## GOAL OF THE EXERCISE
Find the number of lines below in which the word "finally" occurs. Write only that number.

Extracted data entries

════════════════

lemma coef_1_term:
  fixes d e s :: real
  assumes k: "k \<le> L - 1" and L: "1 \<le> L" and d: "d > 0" "e > 0" "d \<noteq> e" and s: "s \<ge> 0"
  shows "coef L d e 1 k * fact k / (s + 1/d)^(k+1)
       = (d/(d-e) * (e/(e-d)))^L * (of_nat (2*L-2-k choose (L-1-k)) / (e/(e-d) * (1 + s*d))^(k+1))"
proof -
  define A B u where "A = d/(d-e)" and "B = e/(e-d)" and "u = 1 + s*d"
  have B: "B \<noteq> 0" and u: "u > 0" using d s by (auto simp: B_def u_def intro: add_pos_nonneg)
  have binom: "(of_nat (2*L-2-k choose (L-1-k)) :: real) = fact (2*(L-1)-k) / (fact (L-1-k) * fact (L-1))"
  proof -
    have "2*L-2-k = 2*(L-1)-k" "2*(L-1)-k - (L-1-k) = L-1" "L-1-k \<le> 2*(L-1)-k" using k by auto
    then show ?thesis using binomial_fact[of "L-1-k" "2*(L-1)-k", where 'a=real] by (simp only:)
  qed
  have coef: "coef L d e 1 k * fact k = of_nat (2*L-2-k choose (L-1-k)) * A^L * B^(L-1-k) / d^(k+1)"
    unfolding coef_def binom A_def B_def using d by (simp add: field_simps)
  have shift: "(s + 1/d)^(k+1) = u^(k+1) / d^(k+1)"
  proof -
    have "s + 1/d = u/d" using d by (simp add: u_def field_simps)
    then show ?thesis by (simp add: power_divide)
  qed
  have "L = (L-1-k) + (k+1)" using k L by simp
  then have BL: "B^L = B^(L-1-k) * B^(k+1)" by (metis power_add)
  have "coef L d e 1 k * fact k / (s + 1/d)^(k+1) = of_nat (2*L-2-k choose (L-1-k)) * A^L * B^(L-1-k) / u^(k+1)"
    unfolding coef shift using d by simp
  also have "\<dots> = (A*B)^L * (of_nat (2*L-2-k choose (L-1-k)) / (B * u)^(k+1))"
    unfolding power_mult_distrib BL using B u by (simp add: field_simps)
  finally show ?thesis unfolding A_def B_def u_def .
qed

text \<open>The partial-fraction expression
  \<open>\<Sum>\<^sub>j \<Sum>\<^sub>k a^(j)_k (m+k)! / (s + 1/\<delta>\<^sub>j)^(m+k+1)\<close>; it is the \<open>m\<close>-th moment of
  \<open>\<delta>\<^sub>1y\<^sub>1 + \<delta>\<^sub>2y\<^sub>2\<close> against \<open>e^(-sy)\<close>, computed from the density \<open>p\<close> of the paper.\<close>
definition pf_moment :: "nat \<Rightarrow> real \<Rightarrow> real \<Rightarrow> nat \<Rightarrow> real \<Rightarrow> real" where
  "pf_moment L d1 d2 m s =
     (\<Sum>j\<in>{1,2}. \<Sum>k=0..L-1. coef L d1 d2 j k * fact (m+k) / (s + 1/delta d1 d2 j)^(m+k+1))"

text \<open>For \<open>m = 0\<close> this is the partial fraction decomposition of the product of the two
  Gamma Laplace transforms \<open>(1 + s\<delta>\<^sub>1)^(-L) (1 + s\<delta>\<^sub>2)^(-L)\<close>.\<close>
lemma pf_moment_0:
  assumes L: "1 \<le> L" and d: "d1 > 0" "d2 > 0" "d1 \<noteq> d2" and s: "s \<ge> 0"
  shows "pf_moment L d1 d2 0 s = 1 / ((1 + s*d1)^L * (1 + s*d2)^L)"
proof -
  define A B u v where "A = d1/(d1-d2)" and "B = d2/(d2-d1)" and "u = 1 + s*d1" and "v = 1 + s*d2"
  define C where "C k = (of_nat (2*L-2-k choose (L-1-k)) :: real)" for k
  have u: "u > 0" and v: "v > 0" using s d by (auto simp: u_def v_def intro: add_pos_nonneg)
  have A: "A \<noteq> 0" and B: "B \<noteq> 0" using d by (auto simp: A_def B_def)
  have XY: "B * u + A * v = 1"
  proof -
    have "d2 - d1 \<noteq> 0" and A': "A = - d1/(d2-d1)" using d by (auto simp: A_def field_simps)
    then show ?thesis unfolding A' B_def u_def v_def by (simp add: divide_simps) (simp add: algebra_simps)
  qed
  have idx: "{0..L-1} = {..<L}" using L by auto
  have t1: "coef L d1 d2 1 k * fact k / (s + 1/d1)^(k+1) = (A*B)^L * (C k / (B * u)^(k+1))"
    if "k < L" for k
    using coef_1_term[of k L d1 d2 s] that L d s unfolding A_def B_def u_def C_def by simp
  have t2: "coef L d1 d2 2 k * fact k / (s + 1/d2)^(k+1) = (A*B)^L * (C k / (A * v)^(k+1))"
    if "k < L" for k
    using coef_1_term[of k L d2 d1 s] that L d s unfolding coef_2_swap A_def B_def v_def C_def
    by (simp add: mult.commute)
  have "pf_moment L d1 d2 0 s = (\<Sum>k<L. (A*B)^L * (C k / (B * u)^(k+1))) + (\<Sum>k<L. (A*B)^L * (C k / (A * v)^(k+1)))"
    unfolding pf_moment_def idx using t1 t2 by (simp add: delta_def)
  also have "\<dots> = (A*B)^L * (\<Sum>k<L. C k * (1/(B * u)^(k+1) + 1/(A * v)^(k+1)))"
    by (simp add: sum.distrib[symmetric] sum_distrib_left ring_distribs)
  also have "\<dots> = (A*B)^L * (1 / ((B * u)*(A * v))^L)"
    using partial_fractions_XY[OF L, of "B * u" "A * v"] XY u v A B unfolding C_def by simp
  also have "\<dots> = 1 / (u^L * v^L)" using A B u v by (simp add: power_mult_distrib)
  finally show ?thesis unfolding u_def v_def .
qed

lemma DERIV_const_div_power:
  fixes a b K s :: real
  assumes "a + s*b \<noteq> 0"
  shows "((\<lambda>s. K / (a + s*b)^n) has_real_derivative -(K * of_nat n * b / (a+s*b)^(Suc n))) (at s)"
proof -
  have "((\<lambda>s. K * (a + s*b) powi (- int n)) has_real_derivative
          K * (of_int (- int n) * (a + s*b) powi (- int n - 1)) * b) (at s)"
    using assms by (auto intro!: derivative_eq_intros)
  moreover have "(a + s*b) powi (- int n - 1) = 1 / (a+s*b)^(Suc n)"
  proof -
    have "- int n - 1 = - int (Suc n)" by simp
    then have "(a + s*b) powi (- int n - 1) = inverse ((a + s*b) powi int (Suc n))"
      by (simp only: power_int_minus)
    then show ?thesis by (simp only: power_int_of_nat divide_inverse mult_1)
  qed
  ultimately show ?thesis by (simp add: power_int_minus divide_inverse ac_simps)
qed

lemma binomial_convolution_Suc:
  fixes A B :: "nat \<Rightarrow> real"
  shows "(\<Sum>r\<le>Suc m. of_nat (Suc m choose r) * A r * B (Suc m - r))
       = (\<Sum>r\<le>m. of_nat (m choose r) * A (Suc r) * B (m - r)) + (\<Sum>r\<le>m. of_nat (m choose r) * A r * B (Suc m - r))"
proof -
  define g where "g r = A r * B (Suc m - r)" for r
  have shift: "(\<Sum>r\<le>Suc m. of_nat (Suc m choose r) * g r) = g 0 + (\<Sum>r\<le>m. of_nat (Suc m choose Suc r) * g (Suc r))"
    by (subst sum.atMost_Suc_shift) simp
  have pascal: "(\<Sum>r\<le>m. of_nat (Suc m choose Suc r) * g (Suc r))
      = (\<Sum>r\<le>m. of_nat (m choose r) * g (Suc r)) + (\<Sum>r\<le>m. of_nat (m choose Suc r) * g (Suc r))"
    by (simp add: sum.distrib ring_distribs)
  have unshift: "g 0 + (\<Sum>r\<le>m. of_nat (m choose Suc r) * g (Suc r)) = (\<Sum>r\<le>Suc m. of_nat (m choose r) * g r)"
    by (subst sum.atMost_Suc_shift) simp
  show ?thesis using shift pascal unshift unfolding g_def by (simp add: mult.assoc)
qed

lemma DERIV_binomial_convolution:
  fixes A B :: "nat \<Rightarrow> real \<Rightarrow> real"
  assumes dA: "\<And>r. (A r has_real_derivative -(A (Suc r) s)) (at s)"
    and dB: "\<And>r. (B r has_real_derivative -(B (Suc r) s)) (at s)"
  shows "((\<lambda>s. \<Sum>r\<le>m. of_nat (m choose r) * A r s * B (m-r) s) has_real_derivative
          -(\<Sum>r\<le>Suc m. of_nat (Suc m choose r) * A r s * B (Suc m - r) s)) (at s)"
proof -
  have "((\<lambda>s. c * A r s * B q s) has_real_derivative -(c * A (Suc r) s * B q s + c * A r s * B (Suc q) s)) (at s)"
    for c r q
    by (rule DERIV_cong[OF DERIV_mult[OF DERIV_cmult[OF dA] dB]]) (simp add: algebra_simps)
  then have "((\<lambda>s. \<Sum>r\<le>m. of_nat (m choose r) * A r s * B (m-r) s) has_real_derivative
      (\<Sum>r\<le>m. -(of_nat (m choose r) * A (Suc r) s * B (m-r) s + of_nat (m choose r) * A r s * B (Suc (m-r)) s))) (at s)"
    by (intro DERIV_sum)
  moreover have "(\<Sum>r\<le>m. -(of_nat (m choose r) * A (Suc r) s * B (m-r) s + of_nat (m choose r) * A r s * B (Suc (m-r)) s))
      = -((\<Sum>r\<le>m. of_nat (m choose r) * A (Suc r) s * B (m - r) s) + (\<Sum>r\<le>m. of_nat (m choose r) * A r s * B (Suc m - r) s))"
    by (simp add: sum.distrib[symmetric] sum_negf[symmetric] Suc_diff_le)
  ultimately show ?thesis
    using binomial_convolution_Suc[where A="\<lambda>r. A r s" and B="\<lambda>r. B r s" and m=m] by simp
qed

text \<open>\<open>laplace_moment d L r s = E[(dy)^r e^(-sdy)]\<close> for \<open>y \<sim> Gamma(L,1)\<close> (see
  \<open>gamma_laplace_moment\<close> below).\<close>
definition laplace_moment :: "real \<Rightarrow> nat \<Rightarrow> nat \<Rightarrow> real \<Rightarrow> real" where
  "laplace_moment d L r s = fact (L - 1 + r) / fact (L - 1) * d^r / (1 + s*d)^(L+r)"

text \<open>\<open>mixed_moment L d1 d2 m s = E[Y^m e^(-sY)]\<close> for \<open>Y = \<delta>\<^sub>1y\<^sub>1 + \<delta>\<^sub>2y\<^sub>2\<close>, obtained from
  the binomial expansion of \<open>Y^m\<close> and independence.\<close>
definition mixed_moment :: "nat \<Rightarrow> real \<Rightarrow> real \<Rightarrow> nat \<Rightarrow> real \<Rightarrow> real" where
  "mixed_moment L d1 d2 m s = (\<Sum>r\<le>m. of_nat (m choose r) * laplace_moment d1 L r s * laplace_moment d2 L (m-r) s)"

lemma laplace_moment_nonneg: "s \<ge> 0 \<Longrightarrow> d > 0 \<Longrightarrow> 0 \<le> laplace_moment d L r s"
  unfolding laplace_moment_def by simp

lemma mixed_moment_nonneg: "s \<ge> 0 \<Longrightarrow> d1 > 0 \<Longrightarrow> d2 > 0 \<Longrightarrow> 0 \<le> mixed_moment L d1 d2 m s"
  unfolding mixed_moment_def by (intro sum_nonneg mult_nonneg_nonneg laplace_moment_nonneg) auto

lemma DERIV_laplace_moment:
  assumes "1 + s*d \<noteq> 0" "1 \<le> L"
  shows "((\<lambda>s. laplace_moment d L r s) has_real_derivative -(laplace_moment d L (Suc r) s)) (at s)"
proof -
  have "((\<lambda>s. laplace_moment d L r s) has_real_derivative
          -((fact (L - 1 + r) / fact (L - 1) * d^r) * of_nat (L+r) * d / (1+s*d)^(Suc (L+r)))) (at s)"
    unfolding laplace_moment_def by (rule DERIV_const_div_power) (use assms in simp)
  moreover have "fact (L - 1 + Suc r) = (of_nat (L+r) * fact (L - 1 + r) :: real)"
    using assms(2) fact_Suc[of "L - 1 + r"] by (simp add: Suc_diff_le)
  ultimately show ?thesis
    unfolding laplace_moment_def using assms(2) by (simp add: ac_simps)
qed

lemma DERIV_pf_moment:
  assumes "s > 0" "d1 > 0" "d2 > 0"
  shows "((\<lambda>s. pf_moment L d1 d2 m s) has_real_derivative -(pf_moment L d1 d2 (Suc m) s)) (at s)"
proof -
  have "delta d1 d2 j > 0" for j using assms by (simp add: delta_def)
  then have pos: "1/delta d1 d2 j + s*1 \<noteq> 0" for j
    using assms by (smt (verit) divide_pos_pos)
  have "((\<lambda>s. coef L d1 d2 j k * fact (m+k) / (1/delta d1 d2 j + s*1)^(m+k+1)) has_real_derivative
      -(coef L d1 d2 j k * fact (m+k) * of_nat (m+k+1) * 1 / (1/delta d1 d2 j + s*1)^(Suc (m+k+1)))) (at s)"
    for j k by (rule DERIV_const_div_power[OF pos])
  moreover have "fact (Suc m + k) = (fact (m+k) * of_nat (m+k+1) :: real)" for k
    by (simp add: algebra_simps)
  ultimately have "((\<lambda>s. coef L d1 d2 j k * fact (m+k) / (s + 1/delta d1 d2 j)^(m+k+1)) has_real_derivative
      -(coef L d1 d2 j k * fact (Suc m+k) / (s + 1/delta d1 d2 j)^(Suc m+k+1))) (at s)" for j k
    by (simp add: ac_simps)
  then show ?thesis unfolding pf_moment_def
    by (rule DERIV_cong[OF DERIV_sum[OF DERIV_sum]]) (simp add: sum_negf)
qed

════════════════

## ANSWER BOX
2